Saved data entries
(* There is a polynomial $p$ such that for every $n>0$ there are finite alphabets $\Sigma_I,\Sigma_O$ and a language $L_n\subseteq(\Sigma_I\times\Sigma_O)^\omega$ recognized by a Streett automaton with costs $\mathcal{A}_n$ of size at most $p(n)$ such that: (i) there is a delay function $f$ for which Player $O$ has a winning strategy $\tau_O$ in $\Gamma_f(L_n)$ with $\mathrm{Cst}(\tau_O)=n$; and (ii) for every delay function $f$, if Player $O$ has a winning strategy $\tau_O$ in $\Gamma_f(L_n)$ with $\mathrm{Cst}(\tau_O)=n$, then $f$ eventually grants a lookahead of size $n\cdot(2^{2^n}-1)$.
   Context: A Streett automaton with costs is a tuple $\mathcal{A}=(Q,\Sigma,q_I,\delta,(Q_j,P_j)_{j\in J},(\mathrm{Cst}_j)_{j\in J})$ with a finite set $Q$ of states, a finite alphabet $\Sigma$, an initial state $q_I$, a deterministic complete transition function $\delta\colon Q\times\Sigma\to Q$, a finite family of Streett pairs $(Q_j,P_j)$ with $Q_j,P_j\subseteq Q$, and for each $j\in J$ a cost function $\mathrm{Cst}_j$ assigning to every transition $(q,a,\delta(q,a))$ either $\epsilon$ or $\mathtt{i}$. Its size is $|Q|+|J|$. The run on $a_0a_1\cdots$ is $\rho=(q_0,a_0,q_1)(q_1,a_1,q_2)\cdots$ with $q_0=q_I$, $q_{m+1}=\delta(q_m,a_m)$. For position $n$, $\mathrm{StCor}_j(\rho,n)=0$ if $q_n\notin Q_j$, and otherwise it is the minimum, over all $n'\ge n$ with $q_{n'}\in P_j$, of the number of transitions among $(q_n,a_n,q_{n+1})\cdots(q_{n'-1},a_{n'-1},q_{n'})$ that $\mathrm{Cst}_j$ maps to $\mathtt{i}$ ($\min\emptyset=\infty$). Let $\mathrm{StCor}(\rho,n)=\max_{j\in J}\mathrm{StCor}_j(\rho,n)$. The run is accepting if $\limsup_{n\to\infty}\mathrm{StCor}(\rho,n)<\infty$, and $L(\mathcal{A})$ is the set of infinite words whose run is accepting. A delay function is a map $f\colon\mathbb{N}\to\mathbb{N}\setminus\{0\}$; it eventually grants a lookahead of size $m$ if there is an $i$ with $\sum_{0\le i'\le i}(f(i')-1)\ge m$. For $L\subseteq(\Sigma_I\times\Sigma_O)^\omega$, the delay game $\Gamma_f(L)$ is played in rounds $i=0,1,2,\ldots$: in round $i$, Player $I$ picks $u_i\in\Sigma_I^{f(i)}$, then Player $O$ picks $v_i\in\Sigma_O$. Player $O$ wins the play if the outcome, i.e., the word over $\Sigma_I\times\Sigma_O$ pairing $u_0u_1u_2\cdots$ and $v_0v_1v_2\cdots$ letterwise, is in $L$. A strategy for Player $O$ is a map $\tau_O\colon\Sigma_I^*\to\Sigma_O$; a play is consistent with $\tau_O$ if $v_i=\tau_O(u_0\cdots u_i)$ for all $i$; $\tau_O$ is winning if every consistent play is won by Player $O$. For a winning strategy $\tau_O$ in $\Gamma_f(L(\mathcal{A}_n))$, its cost is $\mathrm{Cst}(\tau_O)=\sup_w\limsup_{m\to\infty}\mathrm{StCor}(\rho(w),m)$, where $w$ ranges over outcomes of plays consistent with $\tau_O$ and $\rho(w)$ is the run of $\mathcal{A}_n$ on $w$. *)

theory Defs
  imports Main "HOL-Library.Extended_Nat" "HOL-Library.Liminf_Limsup"
    "HOL-Computational_Algebra.Polynomial"
begin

> Work order
Copy out the entries in full, exactly as they appear.

> Answer to this problem
(* There is a polynomial $p$ such that for every $n>0$ there are finite alphabets $\Sigma_I,\Sigma_O$ and a language $L_n\subseteq(\Sigma_I\times\Sigma_O)^\omega$ recognized by a Streett automaton with costs $\mathcal{A}_n$ of size at most $p(n)$ such that: (i) there is a delay function $f$ for which Player $O$ has a winning strategy $\tau_O$ in $\Gamma_f(L_n)$ with $\mathrm{Cst}(\tau_O)=n$; and (ii) for every delay function $f$, if Player $O$ has a winning strategy $\tau_O$ in $\Gamma_f(L_n)$ with $\mathrm{Cst}(\tau_O)=n$, then $f$ eventually grants a lookahead of size $n\cdot(2^{2^n}-1)$.
   Context: A Streett automaton with costs is a tuple $\mathcal{A}=(Q,\Sigma,q_I,\delta,(Q_j,P_j)_{j\in J},(\mathrm{Cst}_j)_{j\in J})$ with a finite set $Q$ of states, a finite alphabet $\Sigma$, an initial state $q_I$, a deterministic complete transition function $\delta\colon Q\times\Sigma\to Q$, a finite family of Streett pairs $(Q_j,P_j)$ with $Q_j,P_j\subseteq Q$, and for each $j\in J$ a cost function $\mathrm{Cst}_j$ assigning to every transition $(q,a,\delta(q,a))$ either $\epsilon$ or $\mathtt{i}$. Its size is $|Q|+|J|$. The run on $a_0a_1\cdots$ is $\rho=(q_0,a_0,q_1)(q_1,a_1,q_2)\cdots$ with $q_0=q_I$, $q_{m+1}=\delta(q_m,a_m)$. For position $n$, $\mathrm{StCor}_j(\rho,n)=0$ if $q_n\notin Q_j$, and otherwise it is the minimum, over all $n'\ge n$ with $q_{n'}\in P_j$, of the number of transitions among $(q_n,a_n,q_{n+1})\cdots(q_{n'-1},a_{n'-1},q_{n'})$ that $\mathrm{Cst}_j$ maps to $\mathtt{i}$ ($\min\emptyset=\infty$). Let $\mathrm{StCor}(\rho,n)=\max_{j\in J}\mathrm{StCor}_j(\rho,n)$. The run is accepting if $\limsup_{n\to\infty}\mathrm{StCor}(\rho,n)<\infty$, and $L(\mathcal{A})$ is the set of infinite words whose run is accepting. A delay function is a map $f\colon\mathbb{N}\to\mathbb{N}\setminus\{0\}$; it eventually grants a lookahead of size $m$ if there is an $i$ with $\sum_{0\le i'\le i}(f(i')-1)\ge m$. For $L\subseteq(\Sigma_I\times\Sigma_O)^\omega$, the delay game $\Gamma_f(L)$ is played in rounds $i=0,1,2,\ldots$: in round $i$, Player $I$ picks $u_i\in\Sigma_I^{f(i)}$, then Player $O$ picks $v_i\in\Sigma_O$. Player $O$ wins the play if the outcome, i.e., the word over $\Sigma_I\times\Sigma_O$ pairing $u_0u_1u_2\cdots$ and $v_0v_1v_2\cdots$ letterwise, is in $L$. A strategy for Player $O$ is a map $\tau_O\colon\Sigma_I^*\to\Sigma_O$; a play is consistent with $\tau_O$ if $v_i=\tau_O(u_0\cdots u_i)$ for all $i$; $\tau_O$ is winning if every consistent play is won by Player $O$. For a winning strategy $\tau_O$ in $\Gamma_f(L(\mathcal{A}_n))$, its cost is $\mathrm{Cst}(\tau_O)=\sup_w\limsup_{m\to\infty}\mathrm{StCor}(\rho(w),m)$, where $w$ ranges over outcomes of plays consistent with $\tau_O$ and $\rho(w)$ is the run of $\mathcal{A}_n$ on $w$. *)

theory Defs
  imports Main "HOL-Library.Extended_Nat" "HOL-Library.Liminf_Limsup"
    "HOL-Computational_Algebra.Polynomial"
begin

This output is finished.